More recently, Richard Tarnas, in his book Cosmos and Psyche, suggested that an alternate dimension of Pluto is about Bacchus, the god of wine, revelry and divine madness — hardly something any astrologer had proposed to date. On the one hand, we have the Pluto we’re all familiar with — the Shiva-like entity one which can create upheavals and can set things back to zero with very little effort. Then, Tarnas suggests, there is the other side: in historical eras where Pluto is prominent, we see either the emancipation of the Bacchus archetype in sexual revolution, experimentation with drugs, or some form of widespread celebration of life (such as when in aspect to Uranus); or conversely, the suppression of these things (such as in eras when Pluto in aspect to Saturn).

The 1960s (counting from 1960 through 1972) is the most stunning example of the dual nature of Pluto. During this time, Pluto was aspected by Uranus, and a long stretch of liberation of humanity and its creative and libertarian impulses occurred. There was a sexual revolution, an explosion in arts and culture, and a general spirit of revolution that affected many countries, with no special reason why events should be connected. Yet at the core of these years, Saturn entered into the mix, and is associated with vicious policies in Vietnam and Cambodia, and the many human disasters associated with them. The liberating, celebratory aspect of the Sixties is associated with the Uranus-Pluto conjunction. The dark, desperate quality associated with the core years of that era is associated with the Saturn-Pluto opposition, which was exact from 1965 through 1966.

The Saturn-Pluto opposition next occurred Aug. 5, 2001, one day before George Bush was informed that Osama bin Laden would attack targets in the United States.

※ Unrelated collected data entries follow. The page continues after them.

(* Let $\mathcal{L}_2\subset\mathbb{P}^2_{\mathbb{R}}$ be the arrangement of $12$ lines defined by \begin{multline*} Q_2=xy(x-y)(x+y-z)(x-z)(y-z)\big(x+(1-\sqrt2)z\big)\big(y+(\sqrt2-2)z\big)\big(x+\sqrt2y+(1-\sqrt2)z\big)\\ \Big(x-\sqrt2z+\tfrac{\sqrt2}{2}y\Big)\big(x+(\sqrt2+1)y-\sqrt2z\big)\big(x+(\sqrt2-1)y+(2-2\sqrt2)z\big). \end{multline*} Then the real realization space of the matroid of $\mathcal{L}_2$ is zero-dimensional.
   Context: The matroid of a line arrangement $\{H_1,\dots,H_n\}\subset\mathbb{P}^2_{\mathbb{F}}$ is the rank-$3$ matroid on $[n]$ whose bases are the $3$-subsets $\{i,j,k\}$ with $H_i\cap H_j\cap H_k=\emptyset$ (equivalently, it encodes the intersection lattice). For a matroid $M$ realizable over $\mathbb{F}$, its realization space $\mathcal{R}(M;\mathbb{F})$ is the set of all arrangements of $n$ distinct lines in $\mathbb{P}^2_{\mathbb{F}}$ (with lines labeled by $[n]$) realizing $M$, modulo the action of $\mathrm{PGL}(3;\mathbb{F})$; its dimension is meant here. *)

theory Defs
  imports "HOL-Analysis.Analysis"
begin

text \<open>A line a x + b y + c z = 0 in the real projective plane is represented by its
  nonzero coefficient vector (a,b,c) in real^3, determined up to a nonzero scalar.\<close>

definition line_arrangement :: "nat \<Rightarrow> (nat \<Rightarrow> real^3) \<Rightarrow> bool" where
  "line_arrangement n v \<longleftrightarrow>
     (\<forall>i<n. v i \<noteq> 0) \<and>
     (\<forall>i<n. \<forall>j<n. i \<noteq> j \<longrightarrow> \<not> (\<exists>c::real. v j = c *\<^sub>R v i))"
end
lemma linear_ivp_exists:
  assumes M: "bmat_continuous d N M" and g: "\<forall>n\<in>{1..N}. \<forall>i<d. continuous_on {0..1} (\<lambda>s. g s n i)"
  shows "\<exists>x. ivp_sol d N (linear_field d N M g) v x"
proof -
  let ?P = "picard_iter d N M g v"
  obtain B where B: "\<forall>s\<in>{0..1}. \<forall>n\<in>{1..N}. \<forall>i<d. \<forall>m\<in>{1..N}. \<forall>k<d. norm (M s n i m k) \<le> B"
    using bmat_continuous_bounded[OF M] by blast
  define x where "x s n i = v n i + (\<Sum>j. ?P (Suc j) s n i - ?P j s n i)" for s n i
  have lim: "uniform_limit {0..1} (\<lambda>p s. ?P p s n i) (\<lambda>s. x s n i) sequentially"
    if "n \<in> {1..N}" "i < d" for n i
    unfolding x_def using picard_iter_uniform_limit[OF M g that] .
  have "((\<lambda>t. x t n i) has_vector_derivative linear_field d N M g s (x s) n i) (at s within {0..1})"
    if s: "s \<in> {0..1}" and n: "n \<in> {1..N}" and i: "i < d" for s n i
  proof (rule has_vector_derivative_uniform_limit[OF convex_real_interval(5) s])
    show "((\<lambda>t. ?P (Suc p) t n i) has_vector_derivative linear_field d N M g t (?P p t) n i) (at t within {0..1})"
      if "t \<in> {0..1}" for p t
      using picard_iter_Suc_has_vector_derivative[OF M g continuous_on_picard_iter[OF M g] n i that] .
    show "(\<lambda>p. ?P (Suc p) t n i) \<longlonglongrightarrow> x t n i" if "t \<in> {0..1}" for t
      using tendsto_uniform_limitI[OF lim[OF n i] that] by (rule LIMSEQ_Suc)
    show "uniform_limit {0..1} (\<lambda>p t. linear_field d N M g t (?P p t) n i)
        (\<lambda>t. linear_field d N M g t (x t) n i) sequentially"
      unfolding linear_field_def using B lim n i
      by (intro uniform_limit_add uniform_limit_const uniform_limit_mat_app[where B=B]) auto
  qed
  moreover have "x 0 n i = v n i" for n i
    by (simp add: x_def picard_iter_at_0)
  ultimately show ?thesis unfolding ivp_sol_def by blast
qed

lemma linear_ivp_unique:
  assumes M: "bmat_continuous d N M"
    and x: "ivp_sol d N (linear_field d N M g) v x" and y: "ivp_sol d N (linear_field d N M g) v y"
    and "s \<in> {0..1}" "n \<in> {1..N}" "i < d"
  shows "x s n i = y s n i"
proof -
  obtain B where "B \<ge> 0" and B: "\<forall>s\<in>{0..1}. \<forall>n\<in>{1..N}. \<forall>i<d. \<forall>m\<in>{1..N}. \<forall>k<d. norm (M s n i m k) \<le> B"
    using bmat_continuous_bounded[OF M] by blast
  define R where "R s n i = x s n i - y s n i" for s n i
  have "norm (R s n i) \<le> 0 * exp (B * real N * real d + 1)"
  proof (rule gronwall[OF \<open>B \<ge> 0\<close> order_refl _ _ _ assms(4-6)])
    show "\<forall>n\<in>{1..N}. \<forall>i<d. R 0 n i = 0" using x y unfolding ivp_sol_def R_def by simp
    show "\<forall>s\<in>{0..1}. \<forall>n\<in>{1..N}. \<forall>i<d.
        ((\<lambda>t. R t n i) has_vector_derivative mat_app d N (M s) (R s) n i) (at s within {0..1})"
    proof (intro ballI allI impI)
      fix s :: real and n i assume "s \<in> {0..1}" "n \<in> {1..N}" "i < d"
      then have "((\<lambda>t. x t n i - y t n i) has_vector_derivative
          linear_field d N M g s (x s) n i - linear_field d N M g s (y s) n i) (at s within {0..1})"
        using x y unfolding ivp_sol_def by (intro has_vector_derivative_diff) blast+
      then show "((\<lambda>t. R t n i) has_vector_derivative mat_app d N (M s) (R s) n i) (at s within {0..1})"
        unfolding R_def linear_field_def by (simp add: mat_app_diff)
    qed
    show "\<forall>s\<in>{0..1}. \<forall>n\<in>{1..N}. \<forall>i<d. norm (mat_app d N (M s) (R s) n i) \<le> B * bnorm d N (R s) + 0"
      using B by (simp add: norm_mat_app_le)
  qed
  then show ?thesis by (simp add: R_def)
qed

text \<open>Normalised by \<open>0\<close> off \<open>[0,1]\<close> and off the index range exactly as in \<open>char_app\<close>,
  so that \<open>char_app\<close> unfolds to it.\<close>
definition the_ivp_sol :: "nat \<Rightarrow> nat \<Rightarrow> (real \<Rightarrow> bvec \<Rightarrow> bvec) \<Rightarrow> bvec \<Rightarrow> real \<Rightarrow> bvec" where
  "the_ivp_sol d N F v = (THE q. ivp_sol d N F v q \<and>
     (\<forall>s n i. (s \<notin> {0..1} \<or> n \<notin> {1..N} \<or> d \<le> i) \<longrightarrow> q s n i = 0))"

lemma linear_field_0: "linear_field d N M (\<lambda>_ _ _. 0) = (\<lambda>s x. mat_app d N (M s) x)"
  by (simp add: linear_field_def)

lemma ivp_sol_linear_restrict:
  assumes x: "ivp_sol d N (linear_field d N M g) v x"
  shows "ivp_sol d N (linear_field d N M g) v
           (\<lambda>s n i. if s \<in> {0..1} \<and> n \<in> {1..N} \<and> i < d then x s n i else 0)"
    (is "ivp_sol d N ?F v ?x0")
  unfolding ivp_sol_def
proof (intro ballI allI impI conjI)
  fix n i assume n: "n \<in> {1..N}" and i: "i < d"
  show "?x0 0 n i = v n i" using x n i unfolding ivp_sol_def by simp
  fix s :: real assume s: "s \<in> {0..1}"
  have "mat_app d N (M s) (?x0 s) n i = mat_app d N (M s) (x s) n i"
    by (rule mat_app_cong) (use s in simp)
  then have eq: "?F s (?x0 s) n i = ?F s (x s) n i" by (simp add: linear_field_def)
  have "((\<lambda>t. x t n i) has_vector_derivative ?F s (x s) n i) (at s within {0..1})"
    using x s n i unfolding ivp_sol_def by blast
  then have "((\<lambda>t. ?x0 t n i) has_vector_derivative ?F s (x s) n i) (at s within {0..1})"
    by (rule has_vector_derivative_transform[OF s, rotated]) (use n i in simp)
  then show "((\<lambda>t. ?x0 t n i) has_vector_derivative ?F s (?x0 s) n i) (at s within {0..1})"
    unfolding eq .
qed
text \<open>For \<open>x \<in> X\<close> and \<open>a \<in> A\<close>, the conditions \<open>x \<Rightarrow> a = a\<close> and \<open>a \<Rightarrow> x = x\<close> say that
  implications between \<open>x\<close> and \<open>a\<close> are trivial. They make the meet
  \<open>\<phi>(x, y) = x \<and> y\<close> a morphism \<open>X \<times> Z \<rightarrow> A\<close>: by currying, \<open>(x \<and> y) \<Rightarrow> (x' \<and> y')\<close>
  splits as \<open>(y \<Rightarrow> (x \<Rightarrow> x')) \<and> (x \<Rightarrow> (y \<Rightarrow> y'))\<close>, and the outer implications are
  trivial because \<open>x \<Rightarrow> x' \<in> X\<close> and \<open>y \<Rightarrow> y' \<in> Z\<close>. Conversely, any \<open>\<phi>\<close> witnessing
  that \<open>X\<close> and \<open>Y\<close> Huq-commute forces \<open>x \<Rightarrow> y = \<phi>(x \<Rightarrow> 1, 1 \<Rightarrow> y) = \<phi>(1, y) = y\<close>, and
  symmetrically \<open>y \<Rightarrow> x = x\<close>, so \<open>Y \<subseteq> Z\<close>. If \<open>X\<close> is a filter, \<open>Z\<close> is upward closed:
  for \<open>a \<le> b\<close> with \<open>a \<in> Z\<close>, the element \<open>(x \<Rightarrow> b) \<Rightarrow> b\<close> lies above \<open>x\<close>, hence in \<open>X\<close>,
  and it lies above \<open>a\<close>, hence equals \<open>1\<close>.\<close>

locale heyting_semilattice =
  fixes A :: "'a set" and m i :: "'a \<Rightarrow> 'a \<Rightarrow> 'a" and t :: 'a
  assumes hsl: "hsl A m i t"
begin
(* Let $(W,S)$ be a finitely generated Coxeter system, $u\le v$ in $W$, $I=S(u)$, $J=S(v)$. Define $G_v:\mathcal P_I(J)\to[u,v]$ by $G_v(K)=v_K$ and $F:[u,v]\to\mathcal P_I(J)$ by $F(w)=S(w)$ (these are well defined). Then: (a) $G_v\circ F=\mathrm{id}_{[u,v]}$ and $F(G_v(K))\subseteq K$ for all $K\in\mathcal P_I(J)$. (b) $F:([u,v],\le)\to(\mathcal P_I(J),\subseteq)$ is injective and order preserving, and $F(w\vee g)=F(w)\cup F(g)$ for all $w,g\in[u,v]$. (c) $G_v:(\mathcal P_I(J),\subseteq)\to([u,v],\le)$ is surjective and order preserving, and $G_v(K\cap L)=G_v(K)\wedge G_v(L)$ for all $K,L\in\mathcal P_I(J)$. (d) For every $w\in[u,v]$, the fibre $G_v^{-1}(w)$ is closed under $\cup$ and $\cap$ (a sublattice of $\mathcal P_I(J)$), with $\min G_v^{-1}(w)=S(w)$ and $\max G_v^{-1}(w)=J\setminus\mathrm{Des}(v^{S(w)})$, both belonging to $\mathcal P_I(J)$.
   Context: $(W,S)$ is a finitely generated Coxeter system with length function $\ell$. For $w\in W$, $S(w)\subseteq S$ is the set of simple reflections appearing in a (any) reduced expression of $w$, and $\mathrm{Des}(w)=\{s\in S:\ell(ws)<\ell(w)\}$. For $I\subseteq S$, $W_I$ is the parabolic subgroup generated by $I$, $X_I=\{u\in W:\ell(us)>\ell(u)\ \forall s\in I\}$, and every $w\in W$ factors uniquely as $w=w^Iw_I$ with $w^I\in X_I$, $w_I\in W_I$ (parabolic components along $I$). The partial order on $W$: $u\le v$ iff $v_{S(u)}=u$; the interval $[u,v]$ is a lattice with join $\vee$ and meet $\wedge$. For $I\subseteq J\subseteq S$, $\mathcal P_I(J)=\{K\subseteq S: I\subseteq K\subseteq J\}$ ordered by inclusion. *)

theory Defs
  imports "HOL-Algebra.Multiplicative_Group" "HOL-Algebra.Generated_Groups"
begin

definition word_prod :: "('a, 'b) monoid_scheme \<Rightarrow> 'a list \<Rightarrow> 'a" where
  "word_prod G ws = foldr (\<lambda>x y. x \<otimes>\<^bsub>G\<^esub> y) ws \<one>\<^bsub>G\<^esub>"

text \<open>(W,S) is a finitely generated Coxeter system: W = carrier G is generated by the finite
  set S of involutions, and W has the Coxeter presentation
  < S | (s t)^m(s,t) = 1 >, where m(s,t) is the order of s t in W (m(s,s) = 1; the relation is void
  when s t has infinite order, in which case group.ord gives 0).  The presentation is expressed by its
  universal property.  Since the presented group is countable (S is finite), it suffices to test the
  universal property against groups whose elements are natural numbers.\<close>
definition coxeter_system :: "('a, 'b) monoid_scheme \<Rightarrow> 'a set \<Rightarrow> bool" where
  "coxeter_system G S \<longleftrightarrow>
     group G \<and> finite S \<and> S \<subseteq> carrier G \<and> \<one>\<^bsub>G\<^esub> \<notin> S \<and>
     (\<forall>s\<in>S. s \<otimes>\<^bsub>G\<^esub> s = \<one>\<^bsub>G\<^esub>) \<and>
     generate G S = carrier G \<and>
     (\<forall>(H :: nat monoid) f. group H \<longrightarrow> f \<in> S \<rightarrow> carrier H \<longrightarrow>
        (\<forall>s\<in>S. \<forall>t\<in>S. (f s \<otimes>\<^bsub>H\<^esub> f t) [^]\<^bsub>H\<^esub> group.ord G (s \<otimes>\<^bsub>G\<^esub> t) = \<one>\<^bsub>H\<^esub>) \<longrightarrow>
        (\<exists>h \<in> hom G H. \<forall>s\<in>S. h s = f s))"

definition cox_len :: "('a, 'b) monoid_scheme \<Rightarrow> 'a set \<Rightarrow> 'a \<Rightarrow> nat" where
  "cox_len G S w = (LEAST n. \<exists>ws. set ws \<subseteq> S \<and> length ws = n \<and> word_prod G ws = w)"

definition reduced_word :: "('a, 'b) monoid_scheme \<Rightarrow> 'a set \<Rightarrow> 'a list \<Rightarrow> bool" where
  "reduced_word G S ws \<longleftrightarrow> set ws \<subseteq> S \<and> length ws = cox_len G S (word_prod G ws)"

definition supp :: "('a, 'b) monoid_scheme \<Rightarrow> 'a set \<Rightarrow> 'a \<Rightarrow> 'a set" where
  "supp G S w = {s. \<exists>ws. reduced_word G S ws \<and> word_prod G ws = w \<and> s \<in> set ws}"

definition Des :: "('a, 'b) monoid_scheme \<Rightarrow> 'a set \<Rightarrow> 'a \<Rightarrow> 'a set" where
  "Des G S w = {s\<in>S. cox_len G S (w \<otimes>\<^bsub>G\<^esub> s) < cox_len G S w}"

definition min_reps :: "('a, 'b) monoid_scheme \<Rightarrow> 'a set \<Rightarrow> 'a set \<Rightarrow> 'a set" where
  "min_reps G S I = {x \<in> carrier G. \<forall>s\<in>I. cox_len G S (x \<otimes>\<^bsub>G\<^esub> s) > cox_len G S x}"

text \<open>Parabolic components w = w^I w_I with w^I in X_I and w_I in W_I = generate G I.\<close>
definition par_comp :: "('a, 'b) monoid_scheme \<Rightarrow> 'a set \<Rightarrow> 'a set \<Rightarrow> 'a \<Rightarrow> 'a" where
  "par_comp G S I w = (THE y. y \<in> generate G I \<and>
      w \<otimes>\<^bsub>G\<^esub> inv\<^bsub>G\<^esub> y \<in> min_reps G S I)"

definition min_comp :: "('a, 'b) monoid_scheme \<Rightarrow> 'a set \<Rightarrow> 'a set \<Rightarrow> 'a \<Rightarrow> 'a" where
  "min_comp G S I w = w \<otimes>\<^bsub>G\<^esub> inv\<^bsub>G\<^esub> (par_comp G S I w)"

definition cox_le :: "('a, 'b) monoid_scheme \<Rightarrow> 'a set \<Rightarrow> 'a \<Rightarrow> 'a \<Rightarrow> bool" where
  "cox_le G S u v \<longleftrightarrow> u \<in> carrier G \<and> v \<in> carrier G \<and> par_comp G S (supp G S u) v = u"
lemma transpose_Hc_mult_Jmat:
  assumes u: "u \<in> carrier_vec (n + n)"
  shows "transpose_mat Hc *\<^sub>v (Jmat n *\<^sub>v u) = - (Jmat n *\<^sub>v (Hc *\<^sub>v u))"
proof -
  define u1 u2 where "u1 = vec_first u n" and "u2 = vec_last u n"
  have u1: "u1 \<in> carrier_vec n" and u2: "u2 \<in> carrier_vec n" unfolding u1_def u2_def by auto
  have u12: "u = u1 @\<^sub>v u2" unfolding u1_def u2_def using u by simp
  have HT: "transpose_mat Hc = four_block_mat (transpose_mat (cmat A)) (- cmat Q) (- cmat D) (- cmat A)"
    unfolding Hc_four_block
    using carriers by (subst transpose_four_block_mat[of _ n n _ n])
      (auto simp: transpose_uminus Q_symmetric D_symmetric simp flip: cmat_transpose)
  have "transpose_mat Hc *\<^sub>v (Jmat n *\<^sub>v u) =
     (transpose_mat (cmat A) *\<^sub>v u2 + (- cmat Q) *\<^sub>v (- u1)) @\<^sub>v ((- cmat D) *\<^sub>v u2 + (- cmat A) *\<^sub>v (- u1))"
    unfolding HT u12 Jmat_mult_append[OF u1 u2] using carriers u1 u2 by (intro four_block_mat_mult_vec) auto
  also have "\<dots> = - (Jmat n *\<^sub>v (Hc *\<^sub>v u))"
  proof -
    have c1: "cmat A *\<^sub>v u1 - cmat D *\<^sub>v u2 \<in> carrier_vec n"
      and c2: "- (cmat Q *\<^sub>v u1) - transpose_mat (cmat A) *\<^sub>v u2 \<in> carrier_vec n"
      using carriers u1 u2 by auto
    show ?thesis
      unfolding u12 Hc_mult_append[OF u1 u2] Jmat_mult_append[OF c1 c2]
      using carriers u1 u2 by (intro eq_vecI) auto
  qed
  finally show ?thesis .
qed

lemma transpose_Hc_Jmat_eigen:
  assumes v: "v \<in> carrier_vec (n + n)" and ev: "Hc *\<^sub>v v = l \<cdot>\<^sub>v v"
  shows "transpose_mat Hc *\<^sub>v (Jmat n *\<^sub>v v) = (- l) \<cdot>\<^sub>v (Jmat n *\<^sub>v v)"
  using transpose_Hc_mult_Jmat[OF v] Jmat_smult[OF v] v unfolding ev by (auto intro!: eq_vecI)
text \<open>Lines are maximal diagonal segments, so two lines through the same entry coincide.\<close>

lemma rp_line_eq_if_common_point:
  assumes L1: "rp_line x n i j m" and L2: "rp_line x n i' j' m'"
    and t: "t < m" "t' < m'" and e: "i + t = i' + t'" "j + t = j' + t'"
  shows "i = i' \<and> j = j' \<and> m = m'"
proof -
  consider "t \<le> t'" | "t' \<le> t" by linarith
  then have "t = t'"
  proof cases
    case 1
    show ?thesis by (rule rp_line_common_point_offset_eq[OF L1 L2 1 t(2) e])
  next
    case 2
    show ?thesis by (rule rp_line_common_point_offset_eq[OF L2 L1 2 t(1) e[symmetric], symmetric])
  qed
  then have ij: "i = i'" "j = j'" using e by auto
  have "\<not> m < m'" if L: "rp_line x n i j m" "rp_line x n i j m'" for m m'
  proof
    assume "m < m'"
    with L(2) have "max i j < n - m" "x (i + m) = x (j + m)" unfolding rp_line_def by auto
    with L(1) show False unfolding rp_line_def by blast
  qed
  then have "m = m'" using L1 L2 unfolding ij by (meson linorder_neqE_nat)
  with ij show ?thesis by simp
qed

text \<open>The first \<open>M\<close> entries of all lines of length at least \<open>M\<close> are pairwise distinct.\<close>

lemma num_lines_tail_le: "M * (\<Sum>m\<in>{M..n}. num_lines x n m) \<le> n ^ 2"
proof -
  define Dom where "Dom = (SIGMA m:{M..n}. {(i, j). rp_line x n i j m} \<times> {..<M})"
  define f where "f = (\<lambda>(m :: nat, (i :: nat, j :: nat), t :: nat). (i + t, j + t))"
  have "M * (\<Sum>m\<in>{M..n}. num_lines x n m) = card Dom"
    unfolding Dom_def num_lines_def
    by (subst card_SigmaI) (auto simp: card_cartesian_product finite_rp_lines sum_distrib_left mult.commute)
  also have "\<dots> = card (f ` Dom)"
  proof (rule card_image[symmetric], rule inj_onI)
    fix a b assume a: "a \<in> Dom" and b: "b \<in> Dom" and fab: "f a = f b"
    obtain m i j t m' i' j' t' where ab: "a = (m, (i, j), t)" "b = (m', (i', j'), t')"
      by (metis prod.collapse)
    have "rp_line x n i j m" "rp_line x n i' j' m'" "t < m" "t' < m'"
      using a b unfolding ab Dom_def by auto
    moreover have "i + t = i' + t'" "j + t = j' + t'" using fab unfolding ab f_def by auto
    ultimately have "i = i' \<and> j = j' \<and> m = m'" by (rule rp_line_eq_if_common_point)
    with \<open>i + t = i' + t'\<close> show "a = b" unfolding ab by simp
  qed
  also have "\<dots> \<le> card ({..<n} \<times> {..<n})"
    by (rule card_mono) (auto simp: Dom_def f_def rp_line_def)
  finally show ?thesis by (simp add: card_cartesian_product power2_eq_square)
qed

lemma rp_lambda_nonneg: "rp_lambda x m n \<ge> 0"
proof -
  have "real n \<le> real n ^ 2" by (cases n) (auto simp: power2_eq_square)
  then show ?thesis unfolding rp_lambda_def by simp
qed

lemma rp_lambda_tail_le:
  assumes K: "K \<ge> 1" and n: "n \<ge> 2"
  shows "(\<Sum>m\<in>{K..n}. rp_lambda x m n) \<le> 2 / real K"
proof -
  have "real n * 2 \<le> real n * real n" using n by (intro mult_left_mono) auto
  then have pos: "real n ^ 2 - real n > 0" and half: "real n ^ 2 \<le> 2 * (real n ^ 2 - real n)"
    using n by (simp_all add: power2_eq_square)
  have "real K * (\<Sum>m\<in>{K..n}. real (num_lines x n m)) \<le> real n ^ 2"
    using num_lines_tail_le[of K x n] by (simp flip: of_nat_sum of_nat_mult of_nat_power)
  then have "(\<Sum>m\<in>{K..n}. real (num_lines x n m)) \<le> real n ^ 2 / real K"
    using K by (simp add: field_simps)
  then have "(\<Sum>m\<in>{K..n}. real (num_lines x n m)) / (real n ^ 2 - real n)
      \<le> (real n ^ 2 / real K) / (real n ^ 2 - real n)"
    using pos by (intro divide_right_mono) simp_all
  then have "(\<Sum>m\<in>{K..n}. rp_lambda x m n) \<le> (real n ^ 2 / real K) / (real n ^ 2 - real n)"
    unfolding rp_lambda_def sum_divide_distrib .
  also have "\<dots> \<le> 2 / real K" using pos K half by (simp add: field_simps)
  finally show ?thesis .
qed
definition alg_inv_iso ::
  "'a set \<Rightarrow> ('a \<Rightarrow> 'a \<Rightarrow> 'a) \<Rightarrow> ('a \<Rightarrow> 'a \<Rightarrow> 'a) \<Rightarrow> ('f \<Rightarrow> 'a \<Rightarrow> 'a) \<Rightarrow> ('a \<Rightarrow> 'a) \<Rightarrow>
   'b set \<Rightarrow> ('b \<Rightarrow> 'b \<Rightarrow> 'b) \<Rightarrow> ('b \<Rightarrow> 'b \<Rightarrow> 'b) \<Rightarrow> ('f \<Rightarrow> 'b \<Rightarrow> 'b) \<Rightarrow> ('b \<Rightarrow> 'b) \<Rightarrow> bool" where
  "alg_inv_iso S1 p1 t1 s1 i1 S2 p2 t2 s2 i2 \<longleftrightarrow>
     (\<exists>\<phi>. bij_betw \<phi> S1 S2 \<and>
        (\<forall>x\<in>S1. \<forall>y\<in>S1. \<phi> (p1 x y) = p2 (\<phi> x) (\<phi> y) \<and> \<phi> (t1 x y) = t2 (\<phi> x) (\<phi> y)) \<and>
        (\<forall>c. \<forall>x\<in>S1. \<phi> (s1 c x) = s2 c (\<phi> x)) \<and>
        (\<forall>x\<in>S1. \<phi> (i1 x) = i2 (\<phi> x)))"

end

theory Submission
  imports Defs "Jordan_Normal_Form.Determinant"
begin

Again and again, these cycles play out in history going back thousands of years, with remarkable predictability, indeed, millennia before the discovery of Pluto; that is, long before the Pluto archetype was a conscious entity in astrology, it is documented to be a deep, intractable influence on the affairs of humanity.

Transporting the Soul

In all instances, whether we think of the “other side” of Pluto as the soul, as Minerva or as Bacchus, we have the image of Charon: something that transports us from one place to another, however it needs to do so.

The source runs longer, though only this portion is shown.